For nationwide chains with hundreds of franchisees, the game requires a slightly different offensive strategy: activation.
“It’s what we call buying a toy without batteries,” Chipps says. “Smart sponsors are not just signing the sponsorship and walking away from it, hoping they get all this return on investment. When you buy a sponsorship, you get the typical benefits—it might be tickets for hospitality, signage, that kind of thing. That’s all fine and dandy, but to really get the biggest bang for their buck, a marketer needs to allocate additional dollars to activate the sponsorship and bring it to life.”
Phillip Jones, president and CEO of the Dallas Convention & Visitors Bureau (dcvb), had the advantage of watching sponsorships activate as the city geared up to host this year’s Super Bowl. “There are several sponsors who came online in late November, early December who were waiting to see what type of exposure and visibility we received before they made a commitment,” he says.
To get the ball rolling on a sponsorship, companies need to not only activate their sponsorship, but activate it with their franchisees. Chipps says it is the sponsor’s duty to make the partnership as appealing as possible to the franchisees and engage them, whether by giving them signage or in-store collateral promoting the affiliation.
Sponsorships may be a double-edged sword, however, when franchises do not see the benefit. At Pizza Patrón, not all franchisees can directly benefit from the company’s marketing. The pizza chain has a sponsorship agreement with the American Airlines Center in Dallas, where it sells pizza and promotes the brand at Dallas Mavericks and Dallas Stars games, as well as at concerts and events that take place in the venue.
“Franchisees don’t see a direct benefit for that, especially if they live in a market outside of Dallas,” Gamm says. “‘Why are you guys investing in a sponsorship arrangement with the American Airlines Center, and how does that help me in Phoenix, in L.A., in Miami?’ And because it’s difficult to measure, you can’t give them a definitive, quantifiable response.”

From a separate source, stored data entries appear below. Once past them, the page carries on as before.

lemma integral_conj_mean_conj:
  assumes \<phi>: "continuous_map X euclidean \<phi>"
    and x: "x \<in> carrier G" and a: "a \<in> carrier G" and b: "b \<in> carrier G"
  shows "(LINT k|M. conj_mean \<phi> x (a \<otimes> k \<otimes> b \<otimes> inv k)) = (LINT h|M. conj_mean \<phi> (x \<otimes> h \<otimes> a \<otimes> inv h) b)"
proof -
  have "(LINT k|M. conj_mean \<phi> x (a \<otimes> k \<otimes> b \<otimes> inv k))
      = (LINT h|M. LINT k|M. \<phi> (x \<otimes> h \<otimes> (a \<otimes> k \<otimes> b \<otimes> inv k) \<otimes> inv h))"
    unfolding conj_mean_def
    by (rule integral_swap_continuous) (intro continuous_map_euclidean_comp[OF \<phi>] continuous_map_G_intros x a b)
  also have "\<dots> = (LINT h|M. conj_mean \<phi> (x \<otimes> h \<otimes> a \<otimes> inv h) b)"
  proof (rule Bochner_Integration.integral_cong[OF refl])
    fix h assume "h \<in> space M"
    then have hK: "h \<in> K" and h: "h \<in> carrier G" using space_eq topspace_T K_subset_carrier by auto
    have "(LINT k|M. \<phi> (x \<otimes> h \<otimes> (a \<otimes> k \<otimes> b \<otimes> inv k) \<otimes> inv h))
        = (LINT k|M. \<phi> (x \<otimes> h \<otimes> a \<otimes> inv h \<otimes> (h \<otimes> k) \<otimes> b \<otimes> inv (h \<otimes> k)))"
    proof (rule Bochner_Integration.integral_cong[OF refl])
      fix k assume "k \<in> space M"
      then have "k \<in> carrier G" using space_eq topspace_T K_subset_carrier by auto
      with x a b h show "\<phi> (x \<otimes> h \<otimes> (a \<otimes> k \<otimes> b \<otimes> inv k) \<otimes> inv h)
          = \<phi> (x \<otimes> h \<otimes> a \<otimes> inv h \<otimes> (h \<otimes> k) \<otimes> b \<otimes> inv (h \<otimes> k))"
        by (simp add: m_assoc inv_mult_group inv_mult_cancel_left mult_inv_cancel_left)
    qed
    also have "\<dots> = conj_mean \<phi> (x \<otimes> h \<otimes> a \<otimes> inv h) b"
      unfolding conj_mean_def
      by (rule integral_left_translation[OF hK, of "\<lambda>k. \<phi> (x \<otimes> h \<otimes> a \<otimes> inv h \<otimes> k \<otimes> b \<otimes> inv k)"])
         (intro continuous_map_euclidean_comp[OF \<phi>] continuous_map_G_intros x a b h)
    finally show "(LINT k|M. \<phi> (x \<otimes> h \<otimes> (a \<otimes> k \<otimes> b \<otimes> inv k) \<otimes> inv h))
        = conj_mean \<phi> (x \<otimes> h \<otimes> a \<otimes> inv h) b" .
  qed
  finally show ?thesis .
qed
(* Let $H$ be a group, $A$ either the empty set or a normal subgroup of $H$, and for $1\leq l\leq m$ let $\mathcal E_{l,m}$ be the subgroup generated by all $[x_1,\ldots,x_i]^{2^{m-i-k}}$ with $l\leq i\leq m$, $0\leq k\leq m-i$, $x_1,\ldots,x_i\in H$ and at least $k$ of the entries $x_{j_1},\ldots,x_{j_k}$ ($j_1<\cdots<j_k$) lying in $A$; write $\widetilde{\mathcal E}_{l,m}$ when $A=\varnothing$. Then for all $1\leq l\leq m$, $[\mathcal E_{l,m},H]\subseteq\mathcal E_{l+1,m+1}$ and $[\widetilde{\mathcal E}_{l,m},H]\subseteq\widetilde{\mathcal E}_{l+1,m+1}$.
   Context: $[a,b]=aba^{-1}b^{-1}$; right-normed iterated commutators $[x_1,\ldots,x_n]=[x_1,[x_2,\ldots,[x_{n-1},x_n]]]$. *)

theory Defs
  imports "HOL-Algebra.Algebra"
begin

definition gcomm :: "('a, 'b) monoid_scheme \<Rightarrow> 'a \<Rightarrow> 'a \<Rightarrow> 'a" where
  "gcomm G a b = a \<otimes>\<^bsub>G\<^esub> b \<otimes>\<^bsub>G\<^esub> inv\<^bsub>G\<^esub> a \<otimes>\<^bsub>G\<^esub> inv\<^bsub>G\<^esub> b"

fun itcomm :: "('a, 'b) monoid_scheme \<Rightarrow> 'a list \<Rightarrow> 'a" where
  "itcomm G [] = \<one>\<^bsub>G\<^esub>"
| "itcomm G [x] = x"
| "itcomm G (x # y # xs) = gcomm G x (itcomm G (y # xs))"

definition comm_sub :: "('a, 'b) monoid_scheme \<Rightarrow> 'a set \<Rightarrow> 'a set \<Rightarrow> 'a set" where
  "comm_sub G S T = generate G {gcomm G x y | x y. x \<in> S \<and> y \<in> T}"
lemma g_differentiable: "q \<in> U \<Longrightarrow> (\<lambda>p. g p a b) differentiable (at q)"
  using smooth_on_set_differentiable[OF g_smooth] .
lemma J_differentiable: "q \<in> U \<Longrightarrow> (\<lambda>p. J p a) differentiable (at q)"
  using smooth_on_set_differentiable[OF J_smooth] .
lemma GL_differentiable: "q \<in> U \<Longrightarrow> (\<lambda>p. GL p a b) differentiable (at q)"
  using smooth_on_set_differentiable[OF GL_smooth] .
lemma GD_differentiable: "q \<in> U \<Longrightarrow> (\<lambda>p. GD p a b) differentiable (at q)"
  using smooth_on_set_differentiable[OF GD_smooth] .

lemma is10_cpl_J: "q \<in> U \<Longrightarrow> is10 J q (cpl v (- J q v))"
  unfolding is10_def cext1_def by (simp add: ii_scale_cpl cpl_eq_iff J_J linear_neg[OF J_linear])

text \<open>In real terms, the (1,1)-part of the torsion \<open>T\<close> is \<open>T(u, v) + T(J u, J v)\<close>.\<close>
lemma GD_torsion_J:
  assumes q: "q \<in> U"
  shows "(GD q a b - GD q b a) + (GD q (J q a) (J q b) - GD q (J q b) (J q a)) = 0"
proof -
  define T where "T = tors_at GD q"
  have T: "T u v = GD q u v - GD q v u" for u v unfolding T_def by (rule tors_at_eq)
  have "cext2 T (cpl a (- J q a)) (cconj (cpl b (- J q b))) = 0"
    using chern q is10_cpl_J[OF q] unfolding chern_connection_def T_def by blast
  then have "T a b - T (- J q a) (J q b) = 0"
    unfolding cext2_def by (simp add: cpl_eq_0_iff)
  moreover have "T (- J q a) (J q b) = - T (J q a) (J q b)"
    unfolding T using bilinear_lneg[OF GD_bilinear[OF q]] bilinear_rneg[OF GD_bilinear[OF q]] by simp
  ultimately show ?thesis unfolding T by (simp add: algebra_simps)
qed

lemma chern_pointwise_at:
  assumes q: "p \<in> U"
  shows "chern_pointwise (g p) (J p) (GL p) (GD p)"
proof -
  have "g p (GD p u a) b + g p a (GD p u b) = g p (GL p u a) b + g p a (GL p u b)" for u a b
    using metric_compatible_at[OF GD_metric q] metric_compatible_at[OF GL_metric q] by simp
  then show ?thesis
    unfolding chern_pointwise_def
    using g_bilinear[OF q] g_sym[OF q] J_linear[OF q] J_J[OF q] g_J[OF q] GL_bilinear[OF q]
      GD_bilinear[OF q] GD_torsion_J[OF q] levi_civita_symmetric[OF levi_civita q]
    by blast
qed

But experts say building the brand is often just as important as growing the business itself.
For the Dallas Convention & Visitors Bureau, this was certainly the case. The DCVB was the first sponsor to sign on to the 2011 Super Bowl, pledging $1 million more than two years before the game.
“We were in a position to capitalize on all the immediate action and thousands of fans coming to Dallas,” Jones says. “With over $14 billion invested in new development, we thought it was a great opportunity to be on the frontlines, showcasing to the world the new Dallas.”
Chipps says the ultimate advantage of sports marketing over traditional marketing is the heart-mind connection fans have to their teams. “Sports are near and dear to many people,” he says. “They are already passionate about their favorite teams and their favorite sports activities. By sponsoring those, companies or marketers hope to tap in on a key passion point and gain a positive association by supporting this activity that people love.”
As for downsides to sports marketing, Jones could only think of one. “The only disadvantage was that it cost us $1 million,” he says.